++++ Data for review ++++

lemma spin_monomial_conv_count: "spin_monomial xs \<sigma> = (\<Prod>i\<in>set xs. \<sigma> i ^ count_list xs i)"
  unfolding spin_monomial_def
  by (simp flip: prod_mset_prod_list add: image_prod_mset_multiplicity[of \<sigma> "mset xs", simplified] count_mset)

lemma abs_spin_monomial_le_1: "\<sigma> \<in> Omega N \<Longrightarrow> \<bar>spin_monomial xs \<sigma>\<bar> \<le> 1"
  by (induction xs) (simp_all add: abs_mult abs_Omega_le_1 mult_le_one)

definition spin_flip :: "nat \<Rightarrow> spin \<Rightarrow> spin" where
  "spin_flip i \<sigma> = \<sigma>(i := - \<sigma> i)"

lemma spin_flip_Omega: "i < N \<Longrightarrow> \<sigma> \<in> Omega N \<Longrightarrow> spin_flip i \<sigma> \<in> Omega N"
  by (auto simp: spin_flip_def Omega_def)

lemma spin_flip_flip [simp]: "spin_flip i (spin_flip i \<sigma>) = \<sigma>"
  by (auto simp: spin_flip_def)

lemma spin_monomial_flip: "spin_monomial xs (spin_flip i \<sigma>) = (-1) ^ count_list xs i * spin_monomial xs \<sigma>"
  by (induction xs) (simp_all add: spin_flip_def)

text \<open>If some site occurs an odd number of times, flipping it shows that the sum vanishes;
  otherwise every term is a product of even powers.\<close>

lemma sum_spin_monomial_nonneg: "0 \<le> (\<Sum>\<sigma>\<in>Omega N. spin_monomial xs \<sigma>)"
proof (cases "\<exists>i<N. odd (count_list xs i)")
  case True
  then obtain i where "i < N" "odd (count_list xs i)" by blast
  then have "(\<Sum>\<sigma>\<in>Omega N. spin_monomial xs \<sigma>) = - (\<Sum>\<sigma>\<in>Omega N. spin_monomial xs \<sigma>)"
    by (subst sum_involution[of _ "spin_flip i"])
       (simp_all add: spin_flip_Omega spin_monomial_flip sum_negf)
  then show ?thesis by simp
next
  case False
  have "0 \<le> \<sigma> i ^ count_list xs i" if "\<sigma> \<in> Omega N" for \<sigma> i
    using False that by (cases "i < N") (auto simp: zero_le_even_power Omega_outside)
  then show ?thesis
    by (intro sum_nonneg) (simp add: spin_monomial_conv_count prod_nonneg)
qed

definition spin_times :: "spin \<Rightarrow> spin \<Rightarrow> spin" where
  "spin_times \<sigma> \<tau> = (\<lambda>i. \<sigma> i * \<tau> i)"

lemma spin_times_Omega:
  assumes "\<sigma> \<in> Omega N" and "\<tau> \<in> Omega N"
  shows "spin_times \<sigma> \<tau> \<in> Omega N"
proof -
  have "\<sigma> i * \<tau> i = 1 \<or> \<sigma> i * \<tau> i = -1" if "i < N" for i
    using Omega_spin[OF assms(1) that] Omega_spin[OF assms(2) that] by auto
  then show ?thesis using assms by (auto simp: Omega_def spin_times_def)
qed

lemma spin_times_cancel: "\<sigma> \<in> Omega N \<Longrightarrow> \<tau> \<in> Omega N \<Longrightarrow> spin_times \<sigma> (spin_times \<sigma> \<tau>) = \<tau>"
proof
  fix i assume \<sigma>: "\<sigma> \<in> Omega N" and \<tau>: "\<tau> \<in> Omega N"
  show "spin_times \<sigma> (spin_times \<sigma> \<tau>) i = \<tau> i"
    using Omega_spin[OF \<sigma>, of i] Omega_outside[OF \<tau>, of i]
    by (cases "i < N") (auto simp: spin_times_def)
qed

lemma spin_monomial_times:
  "spin_monomial xs (spin_times \<sigma> \<tau>) = spin_monomial xs \<sigma> * spin_monomial xs \<tau>"
  by (induction xs) (simp_all add: spin_times_def)

section \<open>Expectations and exponential moments\<close>

definition expect :: "nat \<Rightarrow> (spin \<Rightarrow> real) \<Rightarrow> (spin \<Rightarrow> real) \<Rightarrow> real" where
  "expect N \<mu> f = (\<Sum>\<sigma>\<in>Omega N. \<mu> \<sigma> * f \<sigma>)"

definition is_distribution :: "nat \<Rightarrow> (spin \<Rightarrow> real) \<Rightarrow> bool" where
  "is_distribution N \<mu> \<longleftrightarrow> (\<forall>\<sigma>\<in>Omega N. 0 \<le> \<mu> \<sigma>) \<and> (\<Sum>\<sigma>\<in>Omega N. \<mu> \<sigma>) = 1"

lemma expect_add: "expect N \<mu> (\<lambda>\<sigma>. f \<sigma> + g \<sigma>) = expect N \<mu> f + expect N \<mu> g"
  by (simp add: expect_def distrib_left sum.distrib)

lemma expect_diff: "expect N \<mu> (\<lambda>\<sigma>. f \<sigma> - g \<sigma>) = expect N \<mu> f - expect N \<mu> g"
  by (simp add: expect_def right_diff_distrib sum_subtractf)

lemma expect_cmult: "expect N \<mu> (\<lambda>\<sigma>. c * f \<sigma>) = c * expect N \<mu> f"
  by (simp add: expect_def sum_distrib_left mult.left_commute)

lemma expect_sum: "expect N \<mu> (\<lambda>\<sigma>. \<Sum>x\<in>A. f x \<sigma>) = (\<Sum>x\<in>A. expect N \<mu> (f x))"
  unfolding expect_def by (simp add: sum_distrib_left) (rule sum.swap)

lemma expect_const: "is_distribution N \<mu> \<Longrightarrow> expect N \<mu> (\<lambda>_. c) = c"
  by (simp add: expect_def is_distribution_def flip: sum_distrib_right)

lemma expect_mono:
  assumes "is_distribution N \<mu>" and "\<And>\<sigma>. \<sigma> \<in> Omega N \<Longrightarrow> \<mu> \<sigma> \<noteq> 0 \<Longrightarrow> f \<sigma> \<le> g \<sigma>"
  shows "expect N \<mu> f \<le> expect N \<mu> g"
  unfolding expect_def
proof (rule sum_mono)
  fix \<sigma> assume "\<sigma> \<in> Omega N"
  then show "\<mu> \<sigma> * f \<sigma> \<le> \<mu> \<sigma> * g \<sigma>"
    using assms by (cases "\<mu> \<sigma> = 0") (auto simp: is_distribution_def intro: mult_left_mono)
qed

lemma expect_nonneg:
  "is_distribution N \<mu> \<Longrightarrow> (\<And>\<sigma>. \<sigma> \<in> Omega N \<Longrightarrow> 0 \<le> f \<sigma>) \<Longrightarrow> 0 \<le> expect N \<mu> f"
  unfolding expect_def is_distribution_def by (simp add: sum_nonneg)

lemma abs_expect_le: "is_distribution N \<mu> \<Longrightarrow> \<bar>expect N \<mu> f\<bar> \<le> expect N \<mu> (\<lambda>\<sigma>. \<bar>f \<sigma>\<bar>)"
  unfolding expect_def is_distribution_def
  by (rule order_trans[OF sum_abs]) (simp add: abs_mult)

lemma abs_expect_diff_le:
  assumes \<mu>: "is_distribution N \<mu>" and "\<And>\<sigma>. \<sigma> \<in> Omega N \<Longrightarrow> \<mu> \<sigma> \<noteq> 0 \<Longrightarrow> \<bar>f \<sigma> - a\<bar> \<le> r"
  shows "\<bar>expect N \<mu> f - a\<bar> \<le> r"
proof -
  have "\<bar>expect N \<mu> f - a\<bar> = \<bar>expect N \<mu> (\<lambda>\<sigma>. f \<sigma> - a)\<bar>"
    by (simp add: expect_diff expect_const[OF \<mu>])
  also have "\<dots> \<le> expect N \<mu> (\<lambda>_. r)"
    by (rule order_trans[OF abs_expect_le[OF \<mu>] expect_mono[OF \<mu> assms(2)]])
  finally show ?thesis
    by (simp add: expect_const[OF \<mu>])
qed

lemma exp_le_quadratic:
  fixes y :: real
  assumes "\<bar>y\<bar> \<le> 1"
  shows "exp y \<le> 1 + y + y\<^sup>2"
proof (cases "0 \<le> y")
  case True
  then show ?thesis using exp_bound[of y] assms by simp
next
  case False
  define x where "x = - y"
  have x: "0 \<le> x" "x \<le> 1" using False assms by (auto simp: x_def)
  have "1 - x + x\<^sup>2 = (x - 1/2)\<^sup>2 + 3/4"
    by (simp add: power2_eq_square algebra_simps)
  then have pos: "0 < 1 - x + x\<^sup>2"
    by (metis add_pos_nonneg zero_le_power2 zero_less_divide_iff zero_less_numeral add.commute)
  have "(1 + x + x\<^sup>2 / 2) * (1 - x + x\<^sup>2) = 1 + (x\<^sup>2 + x ^ 3 + x ^ 4) / 2"
    by (simp add: field_simps power2_eq_square power3_eq_cube power4_eq_xxxx)
  then have "1 \<le> (1 + x + x\<^sup>2 / 2) * (1 - x + x\<^sup>2)"
    using x by simp
  also have "\<dots> \<le> exp x * (1 - x + x\<^sup>2)"
    using pos by (intro mult_right_mono exp_lower_Taylor_quadratic x) simp_all
  finally have "1 / exp x \<le> 1 - x + x\<^sup>2"
    by (simp add: divide_le_eq mult.commute)
  then show ?thesis
    by (simp add: x_def exp_minus inverse_eq_divide)
qed

lemma expect_exp_le:
  assumes \<mu>: "is_distribution N \<mu>" and "d \<le> 1"
    and dev: "\<And>\<sigma>. \<sigma> \<in> Omega N \<Longrightarrow> \<mu> \<sigma> \<noteq> 0 \<Longrightarrow> \<bar>c * (f \<sigma> - expect N \<mu> f)\<bar> \<le> d"
  shows "expect N \<mu> (\<lambda>\<sigma>. exp (c * f \<sigma>)) \<le> exp (d\<^sup>2) * exp (c * expect N \<mu> f)"
proof -
  define m where "m = expect N \<mu> f"
  have "expect N \<mu> (\<lambda>\<sigma>. exp (c * f \<sigma>)) = expect N \<mu> (\<lambda>\<sigma>. exp (c * m) * exp (c * (f \<sigma> - m)))"
    by (simp add: algebra_simps flip: exp_add)
  also have "\<dots> = exp (c * m) * expect N \<mu> (\<lambda>\<sigma>. exp (c * (f \<sigma> - m)))"
    by (rule expect_cmult)
  also have "expect N \<mu> (\<lambda>\<sigma>. exp (c * (f \<sigma> - m))) \<le> expect N \<mu> (\<lambda>\<sigma>. 1 + c * (f \<sigma> - m) + d\<^sup>2)"
  proof (rule expect_mono[OF \<mu>])
    fix \<sigma> assume "\<sigma> \<in> Omega N" "\<mu> \<sigma> \<noteq> 0"
    then have y: "\<bar>c * (f \<sigma> - m)\<bar> \<le> d"
      unfolding m_def by (rule dev)
    have "(c * (f \<sigma> - m))\<^sup>2 = \<bar>c * (f \<sigma> - m)\<bar>\<^sup>2"
      by simp
    also have "\<dots> \<le> d\<^sup>2"
      by (rule power_mono[OF y abs_ge_zero])
    finally show "exp (c * (f \<sigma> - m)) \<le> 1 + c * (f \<sigma> - m) + d\<^sup>2"
      using exp_le_quadratic[of "c * (f \<sigma> - m)"] y \<open>d \<le> 1\<close> by linarith
  qed
  also have "expect N \<mu> (\<lambda>\<sigma>. 1 + c * (f \<sigma> - m) + d\<^sup>2) = 1 + d\<^sup>2"
    unfolding expect_add expect_cmult expect_diff expect_const[OF \<mu>] m_def by simp
  also have "1 + d\<^sup>2 \<le> exp (d\<^sup>2)"
    by (rule exp_ge_add_one_self)
  finally show ?thesis
    by (simp add: m_def mult.commute)
qed

lemma power_div_fact_le_exp:
  fixes t :: real
  assumes "0 \<le> t"
  shows "t ^ n / fact n \<le> exp t"
proof -
  have "(\<Sum>k\<in>{n}. t ^ k /\<^sub>R fact k) \<le> (\<Sum>k. t ^ k /\<^sub>R fact k)"
    using assms by (intro sum_le_suminf summable_exp_generic) auto
  then show ?thesis
    by (simp add: exp_def divide_inverse mult.commute)
qed

lemma abs_power_le_exp:
  fixes x s :: real
  assumes "0 < s"
  shows "\<bar>x\<bar> ^ p \<le> fact p / s ^ p * (exp (s * x) + exp (- s * x))"
proof -
  have "(s * \<bar>x\<bar>) ^ p / fact p \<le> exp (s * \<bar>x\<bar>)"
    using assms by (intro power_div_fact_le_exp) simp
  also have "\<dots> \<le> exp (s * x) + exp (- s * x)"
    by (cases "0 \<le> x") simp_all
  finally show ?thesis
    using assms by (simp add: field_simps)
qed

++++

> Exercise description: Repeat every line of the data word for word until you have repeated the line that contains "xs (spin_flip i", which is the last one to include.

> Exercise result:
lemma spin_monomial_conv_count: "spin_monomial xs \<sigma> = (\<Prod>i\<in>set xs. \<sigma> i ^ count_list xs i)"
  unfolding spin_monomial_def
  by (simp flip: prod_mset_prod_list add: image_prod_mset_multiplicity[of \<sigma> "mset xs", simplified] count_mset)

lemma abs_spin_monomial_le_1: "\<sigma> \<in> Omega N \<Longrightarrow> \<bar>spin_monomial xs \<sigma>\<bar> \<le> 1"
  by (induction xs) (simp_all add: abs_mult abs_Omega_le_1 mult_le_one)

definition spin_flip :: "nat \<Rightarrow> spin \<Rightarrow> spin" where
  "spin_flip i \<sigma> = \<sigma>(i := - \<sigma> i)"

lemma spin_flip_Omega: "i < N \<Longrightarrow> \<sigma> \<in> Omega N \<Longrightarrow> spin_flip i \<sigma> \<in> Omega N"
  by (auto simp: spin_flip_def Omega_def)

lemma spin_flip_flip [simp]: "spin_flip i (spin_flip i \<sigma>) = \<sigma>"
  by (auto simp: spin_flip_def)

lemma spin_monomial_flip: "spin_monomial xs (spin_flip i \<sigma>) = (-1) ^ count_list xs i * spin_monomial xs \<sigma>"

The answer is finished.